[[ Data for processing, beginning ]]
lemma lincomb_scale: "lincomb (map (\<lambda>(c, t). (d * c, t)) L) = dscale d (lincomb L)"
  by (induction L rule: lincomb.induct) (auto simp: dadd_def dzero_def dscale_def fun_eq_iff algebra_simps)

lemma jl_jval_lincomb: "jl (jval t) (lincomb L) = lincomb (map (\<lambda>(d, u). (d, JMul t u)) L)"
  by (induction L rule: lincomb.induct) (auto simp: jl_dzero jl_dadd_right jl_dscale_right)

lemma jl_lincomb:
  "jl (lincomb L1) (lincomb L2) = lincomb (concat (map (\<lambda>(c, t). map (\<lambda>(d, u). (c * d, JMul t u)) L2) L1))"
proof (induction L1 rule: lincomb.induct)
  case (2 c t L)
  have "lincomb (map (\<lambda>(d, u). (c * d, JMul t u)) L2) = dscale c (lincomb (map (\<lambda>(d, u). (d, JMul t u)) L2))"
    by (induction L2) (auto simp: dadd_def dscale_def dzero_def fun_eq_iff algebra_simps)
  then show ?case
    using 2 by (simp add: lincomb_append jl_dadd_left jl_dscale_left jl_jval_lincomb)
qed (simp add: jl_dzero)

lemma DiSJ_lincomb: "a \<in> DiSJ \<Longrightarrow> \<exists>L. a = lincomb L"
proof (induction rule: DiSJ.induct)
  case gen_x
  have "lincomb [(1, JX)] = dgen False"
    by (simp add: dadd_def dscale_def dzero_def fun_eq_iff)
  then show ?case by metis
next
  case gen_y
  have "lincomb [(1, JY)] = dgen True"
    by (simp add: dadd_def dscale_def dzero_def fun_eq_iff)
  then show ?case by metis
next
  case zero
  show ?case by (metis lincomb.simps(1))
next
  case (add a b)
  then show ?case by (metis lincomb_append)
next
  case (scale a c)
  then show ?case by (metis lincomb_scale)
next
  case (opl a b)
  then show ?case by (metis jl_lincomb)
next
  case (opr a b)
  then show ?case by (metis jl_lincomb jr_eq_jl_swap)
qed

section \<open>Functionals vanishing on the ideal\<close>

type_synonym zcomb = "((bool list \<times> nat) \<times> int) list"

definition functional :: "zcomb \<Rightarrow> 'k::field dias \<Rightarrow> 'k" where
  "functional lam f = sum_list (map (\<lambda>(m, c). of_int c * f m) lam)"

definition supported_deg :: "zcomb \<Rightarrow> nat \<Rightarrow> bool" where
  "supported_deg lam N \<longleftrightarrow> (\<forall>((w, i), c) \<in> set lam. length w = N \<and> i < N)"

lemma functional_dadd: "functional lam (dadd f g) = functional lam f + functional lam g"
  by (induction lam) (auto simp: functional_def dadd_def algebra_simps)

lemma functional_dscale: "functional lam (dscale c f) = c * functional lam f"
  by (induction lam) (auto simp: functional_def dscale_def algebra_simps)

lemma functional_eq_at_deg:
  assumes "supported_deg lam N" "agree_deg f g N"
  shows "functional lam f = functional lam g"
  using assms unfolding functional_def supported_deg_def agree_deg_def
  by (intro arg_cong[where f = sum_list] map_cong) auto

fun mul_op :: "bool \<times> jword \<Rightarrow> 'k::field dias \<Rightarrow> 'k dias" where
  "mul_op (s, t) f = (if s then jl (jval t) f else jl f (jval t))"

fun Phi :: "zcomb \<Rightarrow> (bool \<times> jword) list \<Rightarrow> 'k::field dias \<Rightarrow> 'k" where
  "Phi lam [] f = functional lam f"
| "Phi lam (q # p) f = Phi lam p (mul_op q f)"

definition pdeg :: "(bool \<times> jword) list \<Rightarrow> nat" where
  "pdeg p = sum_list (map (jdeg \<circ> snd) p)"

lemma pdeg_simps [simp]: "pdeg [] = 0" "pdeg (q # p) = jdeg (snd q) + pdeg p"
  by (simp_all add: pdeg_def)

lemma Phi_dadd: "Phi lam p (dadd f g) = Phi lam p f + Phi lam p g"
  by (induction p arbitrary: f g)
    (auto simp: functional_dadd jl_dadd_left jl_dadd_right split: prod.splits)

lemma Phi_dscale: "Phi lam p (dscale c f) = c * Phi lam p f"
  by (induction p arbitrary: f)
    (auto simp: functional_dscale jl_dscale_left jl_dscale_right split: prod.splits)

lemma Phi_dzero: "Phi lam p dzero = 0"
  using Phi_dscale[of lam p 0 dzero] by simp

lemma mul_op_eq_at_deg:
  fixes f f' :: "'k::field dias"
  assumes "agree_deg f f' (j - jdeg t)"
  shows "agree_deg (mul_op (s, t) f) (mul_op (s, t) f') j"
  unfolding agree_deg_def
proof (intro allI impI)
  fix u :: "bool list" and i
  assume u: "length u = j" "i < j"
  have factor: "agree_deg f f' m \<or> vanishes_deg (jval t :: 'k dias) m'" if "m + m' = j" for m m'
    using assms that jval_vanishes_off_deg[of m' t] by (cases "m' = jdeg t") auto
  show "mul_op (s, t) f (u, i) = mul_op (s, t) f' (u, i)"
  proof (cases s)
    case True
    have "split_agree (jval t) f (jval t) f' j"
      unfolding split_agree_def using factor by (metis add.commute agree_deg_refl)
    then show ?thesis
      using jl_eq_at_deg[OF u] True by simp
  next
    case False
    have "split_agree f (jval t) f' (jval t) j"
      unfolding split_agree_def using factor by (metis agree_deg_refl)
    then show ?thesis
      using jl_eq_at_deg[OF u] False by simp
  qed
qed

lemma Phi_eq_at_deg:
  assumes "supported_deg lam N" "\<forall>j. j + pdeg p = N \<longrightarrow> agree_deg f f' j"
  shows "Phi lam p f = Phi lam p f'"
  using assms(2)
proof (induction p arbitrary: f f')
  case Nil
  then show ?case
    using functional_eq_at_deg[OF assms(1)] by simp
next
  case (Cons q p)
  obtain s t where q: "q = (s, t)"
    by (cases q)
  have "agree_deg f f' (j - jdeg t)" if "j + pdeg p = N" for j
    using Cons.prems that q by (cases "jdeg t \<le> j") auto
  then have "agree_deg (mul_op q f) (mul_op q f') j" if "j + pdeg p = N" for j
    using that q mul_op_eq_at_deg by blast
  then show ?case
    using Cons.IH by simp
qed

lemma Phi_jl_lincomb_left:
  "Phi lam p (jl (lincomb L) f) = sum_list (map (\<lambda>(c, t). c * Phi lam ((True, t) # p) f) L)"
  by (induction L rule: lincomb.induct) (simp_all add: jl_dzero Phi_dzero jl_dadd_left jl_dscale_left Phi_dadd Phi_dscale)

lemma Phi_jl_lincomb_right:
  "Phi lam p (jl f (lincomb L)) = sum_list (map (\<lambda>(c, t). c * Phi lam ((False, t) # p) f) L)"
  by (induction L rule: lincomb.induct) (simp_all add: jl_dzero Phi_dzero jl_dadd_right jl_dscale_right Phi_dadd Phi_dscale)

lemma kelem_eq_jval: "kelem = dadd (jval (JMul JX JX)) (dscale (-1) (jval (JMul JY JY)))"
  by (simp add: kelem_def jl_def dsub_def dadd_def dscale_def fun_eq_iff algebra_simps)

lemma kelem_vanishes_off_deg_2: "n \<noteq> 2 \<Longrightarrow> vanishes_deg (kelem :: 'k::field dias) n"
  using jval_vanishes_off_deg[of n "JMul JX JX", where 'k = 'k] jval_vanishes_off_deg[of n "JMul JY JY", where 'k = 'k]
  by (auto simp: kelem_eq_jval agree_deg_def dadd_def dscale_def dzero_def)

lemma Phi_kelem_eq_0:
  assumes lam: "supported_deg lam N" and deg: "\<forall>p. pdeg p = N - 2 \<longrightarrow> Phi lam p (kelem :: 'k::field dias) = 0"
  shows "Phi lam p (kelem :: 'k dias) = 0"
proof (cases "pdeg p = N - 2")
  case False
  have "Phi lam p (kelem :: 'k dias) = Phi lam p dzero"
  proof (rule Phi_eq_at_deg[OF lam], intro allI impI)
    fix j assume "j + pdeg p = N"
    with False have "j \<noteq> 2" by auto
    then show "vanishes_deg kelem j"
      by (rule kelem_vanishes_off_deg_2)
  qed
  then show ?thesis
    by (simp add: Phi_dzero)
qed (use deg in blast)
[[ Data for processing, end ]]
[[ Data for processing, beginning ]]
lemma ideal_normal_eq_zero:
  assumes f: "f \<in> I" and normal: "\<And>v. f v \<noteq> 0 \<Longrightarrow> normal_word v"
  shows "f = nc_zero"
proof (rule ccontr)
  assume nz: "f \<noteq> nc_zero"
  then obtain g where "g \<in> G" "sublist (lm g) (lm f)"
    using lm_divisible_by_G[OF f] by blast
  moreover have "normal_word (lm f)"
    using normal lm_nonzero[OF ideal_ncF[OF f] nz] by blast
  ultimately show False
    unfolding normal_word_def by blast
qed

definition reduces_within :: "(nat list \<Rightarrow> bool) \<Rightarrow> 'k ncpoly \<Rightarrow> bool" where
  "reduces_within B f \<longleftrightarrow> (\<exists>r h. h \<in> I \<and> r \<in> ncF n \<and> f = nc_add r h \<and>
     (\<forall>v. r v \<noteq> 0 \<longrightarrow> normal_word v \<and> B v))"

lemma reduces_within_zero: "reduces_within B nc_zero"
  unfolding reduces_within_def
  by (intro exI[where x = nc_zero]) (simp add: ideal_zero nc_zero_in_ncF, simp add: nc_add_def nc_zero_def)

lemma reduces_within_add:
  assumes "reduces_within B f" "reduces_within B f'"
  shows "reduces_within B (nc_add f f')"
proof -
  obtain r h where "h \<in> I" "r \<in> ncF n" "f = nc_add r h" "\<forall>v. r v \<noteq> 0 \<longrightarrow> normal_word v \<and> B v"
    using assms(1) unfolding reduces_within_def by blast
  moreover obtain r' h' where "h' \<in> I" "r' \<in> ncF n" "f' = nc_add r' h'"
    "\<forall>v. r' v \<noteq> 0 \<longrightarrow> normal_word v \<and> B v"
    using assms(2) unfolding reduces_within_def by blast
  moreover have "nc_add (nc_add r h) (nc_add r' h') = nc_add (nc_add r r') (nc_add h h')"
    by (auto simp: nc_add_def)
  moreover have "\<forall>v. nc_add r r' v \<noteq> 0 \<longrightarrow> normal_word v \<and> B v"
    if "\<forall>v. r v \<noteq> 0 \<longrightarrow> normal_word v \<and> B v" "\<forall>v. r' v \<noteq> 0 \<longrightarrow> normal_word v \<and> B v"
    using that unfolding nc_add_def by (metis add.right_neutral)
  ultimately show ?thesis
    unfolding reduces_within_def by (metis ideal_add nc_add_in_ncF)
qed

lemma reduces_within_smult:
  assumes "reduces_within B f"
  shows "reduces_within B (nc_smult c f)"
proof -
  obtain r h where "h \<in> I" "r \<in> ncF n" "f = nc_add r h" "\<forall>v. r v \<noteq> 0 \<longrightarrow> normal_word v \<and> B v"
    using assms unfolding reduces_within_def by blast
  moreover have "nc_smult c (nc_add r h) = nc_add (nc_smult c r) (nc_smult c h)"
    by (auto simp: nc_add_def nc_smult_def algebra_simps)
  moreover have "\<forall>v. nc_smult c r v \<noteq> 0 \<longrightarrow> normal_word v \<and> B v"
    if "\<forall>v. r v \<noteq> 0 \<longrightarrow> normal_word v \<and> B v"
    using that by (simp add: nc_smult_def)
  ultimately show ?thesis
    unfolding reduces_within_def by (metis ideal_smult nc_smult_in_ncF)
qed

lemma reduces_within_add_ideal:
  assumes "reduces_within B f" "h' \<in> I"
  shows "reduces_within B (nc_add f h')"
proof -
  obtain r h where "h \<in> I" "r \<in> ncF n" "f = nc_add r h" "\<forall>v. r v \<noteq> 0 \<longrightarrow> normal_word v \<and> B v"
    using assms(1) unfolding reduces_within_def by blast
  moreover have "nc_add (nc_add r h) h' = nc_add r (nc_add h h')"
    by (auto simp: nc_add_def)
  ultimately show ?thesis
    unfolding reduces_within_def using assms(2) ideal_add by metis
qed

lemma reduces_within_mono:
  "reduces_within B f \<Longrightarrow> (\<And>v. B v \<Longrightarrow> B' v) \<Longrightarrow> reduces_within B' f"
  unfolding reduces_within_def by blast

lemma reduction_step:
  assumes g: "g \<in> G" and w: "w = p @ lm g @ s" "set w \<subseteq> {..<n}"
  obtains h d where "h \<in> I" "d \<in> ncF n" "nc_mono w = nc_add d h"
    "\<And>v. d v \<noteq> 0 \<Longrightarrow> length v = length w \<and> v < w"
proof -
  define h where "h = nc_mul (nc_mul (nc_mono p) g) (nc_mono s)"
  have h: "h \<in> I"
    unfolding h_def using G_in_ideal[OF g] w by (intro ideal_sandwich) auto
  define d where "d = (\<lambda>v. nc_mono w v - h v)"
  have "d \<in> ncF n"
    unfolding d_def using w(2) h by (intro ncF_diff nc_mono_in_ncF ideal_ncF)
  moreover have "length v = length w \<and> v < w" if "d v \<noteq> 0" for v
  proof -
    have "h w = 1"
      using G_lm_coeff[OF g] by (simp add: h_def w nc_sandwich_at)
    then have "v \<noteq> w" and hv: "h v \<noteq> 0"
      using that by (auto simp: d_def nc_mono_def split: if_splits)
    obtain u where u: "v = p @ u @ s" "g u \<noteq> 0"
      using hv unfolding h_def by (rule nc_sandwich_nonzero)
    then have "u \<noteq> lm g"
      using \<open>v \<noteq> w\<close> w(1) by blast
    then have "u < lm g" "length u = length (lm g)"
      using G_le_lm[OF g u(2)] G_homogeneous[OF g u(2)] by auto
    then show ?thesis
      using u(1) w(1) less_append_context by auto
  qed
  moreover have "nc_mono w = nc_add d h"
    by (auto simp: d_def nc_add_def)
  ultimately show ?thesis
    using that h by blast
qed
[[ Data for processing, end ]]
— Problem to solve —
Could you restate word for word the lines above, from the one that contains "(\<lambda>(c, t). (d" through the one that contains "(lincomb L1) (lincomb", and no others?

— Response to this task —
lemma lincomb_scale: "lincomb (map (\<lambda>(c, t). (d * c, t)) L) = dscale d (lincomb L)"
  by (induction L rule: lincomb.induct) (auto simp: dadd_def dzero_def dscale_def fun_eq_iff algebra_simps)

lemma jl_jval_lincomb: "jl (jval t) (lincomb L) = lincomb (map (\<lambda>(d, u). (d, JMul t u)) L)"
  by (induction L rule: lincomb.induct) (auto simp: jl_dzero jl_dadd_right jl_dscale_right)

lemma jl_lincomb:
  "jl (lincomb L1) (lincomb L2) = lincomb (concat (map (\<lambda>(c, t). map (\<lambda>(d, u). (c * d, JMul t u)) L2) L1))"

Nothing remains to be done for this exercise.